*Task details*: Using the entries below, return word for word the lines from the one containing "util = mix_util" up to and including the last.

*Data to process*:
════════════════════

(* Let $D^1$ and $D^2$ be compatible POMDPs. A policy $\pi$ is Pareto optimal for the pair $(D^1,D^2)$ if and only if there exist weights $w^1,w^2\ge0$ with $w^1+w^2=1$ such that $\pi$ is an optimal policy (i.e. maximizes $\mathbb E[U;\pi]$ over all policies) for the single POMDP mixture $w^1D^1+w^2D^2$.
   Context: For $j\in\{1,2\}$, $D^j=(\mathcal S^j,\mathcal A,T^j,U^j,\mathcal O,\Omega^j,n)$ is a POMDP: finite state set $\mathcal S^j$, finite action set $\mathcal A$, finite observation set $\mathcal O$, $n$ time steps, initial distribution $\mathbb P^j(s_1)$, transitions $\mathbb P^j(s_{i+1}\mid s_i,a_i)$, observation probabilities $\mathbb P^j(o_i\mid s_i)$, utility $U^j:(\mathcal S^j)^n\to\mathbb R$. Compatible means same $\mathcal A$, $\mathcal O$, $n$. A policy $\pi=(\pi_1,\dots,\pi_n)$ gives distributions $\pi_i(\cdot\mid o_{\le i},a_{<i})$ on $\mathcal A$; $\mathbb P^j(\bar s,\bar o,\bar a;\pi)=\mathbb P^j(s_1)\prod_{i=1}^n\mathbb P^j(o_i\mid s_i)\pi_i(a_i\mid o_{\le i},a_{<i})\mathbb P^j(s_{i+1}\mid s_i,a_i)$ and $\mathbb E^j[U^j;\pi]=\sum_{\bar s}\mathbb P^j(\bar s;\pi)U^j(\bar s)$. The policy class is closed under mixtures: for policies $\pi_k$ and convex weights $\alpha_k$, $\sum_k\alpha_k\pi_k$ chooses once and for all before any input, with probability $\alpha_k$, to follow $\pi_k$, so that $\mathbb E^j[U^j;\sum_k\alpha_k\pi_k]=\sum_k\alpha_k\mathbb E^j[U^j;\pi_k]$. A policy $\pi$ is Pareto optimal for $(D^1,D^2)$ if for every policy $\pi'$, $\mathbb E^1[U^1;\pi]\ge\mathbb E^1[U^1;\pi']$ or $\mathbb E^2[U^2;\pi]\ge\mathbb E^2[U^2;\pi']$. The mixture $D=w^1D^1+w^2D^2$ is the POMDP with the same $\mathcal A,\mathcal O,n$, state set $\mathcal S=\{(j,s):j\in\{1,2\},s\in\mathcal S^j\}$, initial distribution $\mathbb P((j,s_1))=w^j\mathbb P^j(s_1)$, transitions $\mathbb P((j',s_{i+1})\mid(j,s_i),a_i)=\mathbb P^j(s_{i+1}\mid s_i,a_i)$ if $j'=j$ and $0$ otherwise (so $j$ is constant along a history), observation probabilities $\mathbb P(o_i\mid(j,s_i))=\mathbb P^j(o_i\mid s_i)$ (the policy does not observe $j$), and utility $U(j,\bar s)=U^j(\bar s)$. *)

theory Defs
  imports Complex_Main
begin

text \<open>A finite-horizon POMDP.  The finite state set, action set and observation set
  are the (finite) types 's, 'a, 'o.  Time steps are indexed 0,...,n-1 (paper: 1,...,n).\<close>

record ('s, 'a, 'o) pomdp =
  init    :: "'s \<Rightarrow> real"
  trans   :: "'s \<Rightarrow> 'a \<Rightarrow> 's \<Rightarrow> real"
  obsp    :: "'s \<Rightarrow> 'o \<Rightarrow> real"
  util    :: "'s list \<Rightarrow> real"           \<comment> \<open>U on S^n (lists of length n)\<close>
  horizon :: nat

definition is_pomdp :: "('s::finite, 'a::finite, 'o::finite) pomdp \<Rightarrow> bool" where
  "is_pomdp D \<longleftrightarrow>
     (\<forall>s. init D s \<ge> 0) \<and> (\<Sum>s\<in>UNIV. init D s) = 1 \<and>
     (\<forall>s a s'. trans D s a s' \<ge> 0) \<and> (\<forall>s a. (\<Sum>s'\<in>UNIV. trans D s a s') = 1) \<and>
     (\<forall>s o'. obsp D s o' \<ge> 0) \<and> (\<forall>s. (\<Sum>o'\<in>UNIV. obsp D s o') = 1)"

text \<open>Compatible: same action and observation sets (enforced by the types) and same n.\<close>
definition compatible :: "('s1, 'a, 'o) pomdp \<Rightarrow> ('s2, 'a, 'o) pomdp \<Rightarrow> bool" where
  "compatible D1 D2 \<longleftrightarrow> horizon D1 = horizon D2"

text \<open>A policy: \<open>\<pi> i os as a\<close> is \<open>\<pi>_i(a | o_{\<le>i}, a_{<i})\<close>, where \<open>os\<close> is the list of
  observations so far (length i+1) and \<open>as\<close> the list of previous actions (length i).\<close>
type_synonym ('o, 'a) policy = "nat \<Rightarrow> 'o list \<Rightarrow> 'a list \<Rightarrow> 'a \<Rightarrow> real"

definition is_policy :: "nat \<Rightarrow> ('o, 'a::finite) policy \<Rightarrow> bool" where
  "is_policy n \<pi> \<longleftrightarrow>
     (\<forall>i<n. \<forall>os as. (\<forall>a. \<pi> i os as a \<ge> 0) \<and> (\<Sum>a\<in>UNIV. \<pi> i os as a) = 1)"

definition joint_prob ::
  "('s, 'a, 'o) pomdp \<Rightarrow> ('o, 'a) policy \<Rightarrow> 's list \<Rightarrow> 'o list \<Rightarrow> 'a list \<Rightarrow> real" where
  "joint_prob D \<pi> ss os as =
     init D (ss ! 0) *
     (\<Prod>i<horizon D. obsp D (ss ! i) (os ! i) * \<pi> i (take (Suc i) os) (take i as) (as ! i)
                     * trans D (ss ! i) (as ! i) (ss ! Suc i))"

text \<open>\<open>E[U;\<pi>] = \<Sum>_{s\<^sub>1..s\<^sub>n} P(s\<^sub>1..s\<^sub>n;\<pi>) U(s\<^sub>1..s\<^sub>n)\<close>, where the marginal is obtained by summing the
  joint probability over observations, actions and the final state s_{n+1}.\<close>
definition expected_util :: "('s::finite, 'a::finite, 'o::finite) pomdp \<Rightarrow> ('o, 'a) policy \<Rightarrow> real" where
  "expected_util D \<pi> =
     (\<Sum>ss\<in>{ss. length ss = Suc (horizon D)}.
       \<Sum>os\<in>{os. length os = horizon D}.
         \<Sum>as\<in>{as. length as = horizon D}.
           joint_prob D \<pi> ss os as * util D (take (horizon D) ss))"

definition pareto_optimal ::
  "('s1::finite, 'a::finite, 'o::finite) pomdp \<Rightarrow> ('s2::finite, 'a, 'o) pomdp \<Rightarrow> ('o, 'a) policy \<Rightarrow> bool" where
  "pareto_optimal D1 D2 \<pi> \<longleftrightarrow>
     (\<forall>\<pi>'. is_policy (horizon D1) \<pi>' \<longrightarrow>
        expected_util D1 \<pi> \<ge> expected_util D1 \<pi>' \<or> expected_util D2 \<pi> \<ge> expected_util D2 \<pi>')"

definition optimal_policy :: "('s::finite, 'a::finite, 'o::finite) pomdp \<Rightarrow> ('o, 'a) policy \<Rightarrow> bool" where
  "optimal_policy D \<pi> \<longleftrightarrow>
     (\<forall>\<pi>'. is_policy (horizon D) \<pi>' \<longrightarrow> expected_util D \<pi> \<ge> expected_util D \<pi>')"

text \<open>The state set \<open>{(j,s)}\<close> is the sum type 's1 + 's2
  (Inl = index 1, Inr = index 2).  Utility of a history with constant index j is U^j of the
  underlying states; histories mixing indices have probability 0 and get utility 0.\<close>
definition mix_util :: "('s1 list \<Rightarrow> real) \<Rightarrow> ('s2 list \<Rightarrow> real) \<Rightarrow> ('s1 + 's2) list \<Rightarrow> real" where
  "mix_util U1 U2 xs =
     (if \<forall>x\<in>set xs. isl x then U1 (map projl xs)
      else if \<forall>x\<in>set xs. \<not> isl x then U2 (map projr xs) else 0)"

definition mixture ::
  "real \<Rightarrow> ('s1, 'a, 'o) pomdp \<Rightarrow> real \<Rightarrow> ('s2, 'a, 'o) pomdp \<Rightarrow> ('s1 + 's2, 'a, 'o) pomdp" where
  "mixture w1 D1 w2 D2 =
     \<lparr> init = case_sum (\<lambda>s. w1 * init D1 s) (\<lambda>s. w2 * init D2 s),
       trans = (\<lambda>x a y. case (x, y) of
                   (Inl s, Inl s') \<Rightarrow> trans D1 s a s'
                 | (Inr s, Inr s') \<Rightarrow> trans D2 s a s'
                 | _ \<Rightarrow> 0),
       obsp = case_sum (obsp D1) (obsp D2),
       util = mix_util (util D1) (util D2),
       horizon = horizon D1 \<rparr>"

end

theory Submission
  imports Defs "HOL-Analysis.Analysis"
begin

════════════════════

*Completed exercise*:
       util = mix_util (util D1) (util D2),
       horizon = horizon D1 \<rparr>"

end

theory Submission
  imports Defs "HOL-Analysis.Analysis"
begin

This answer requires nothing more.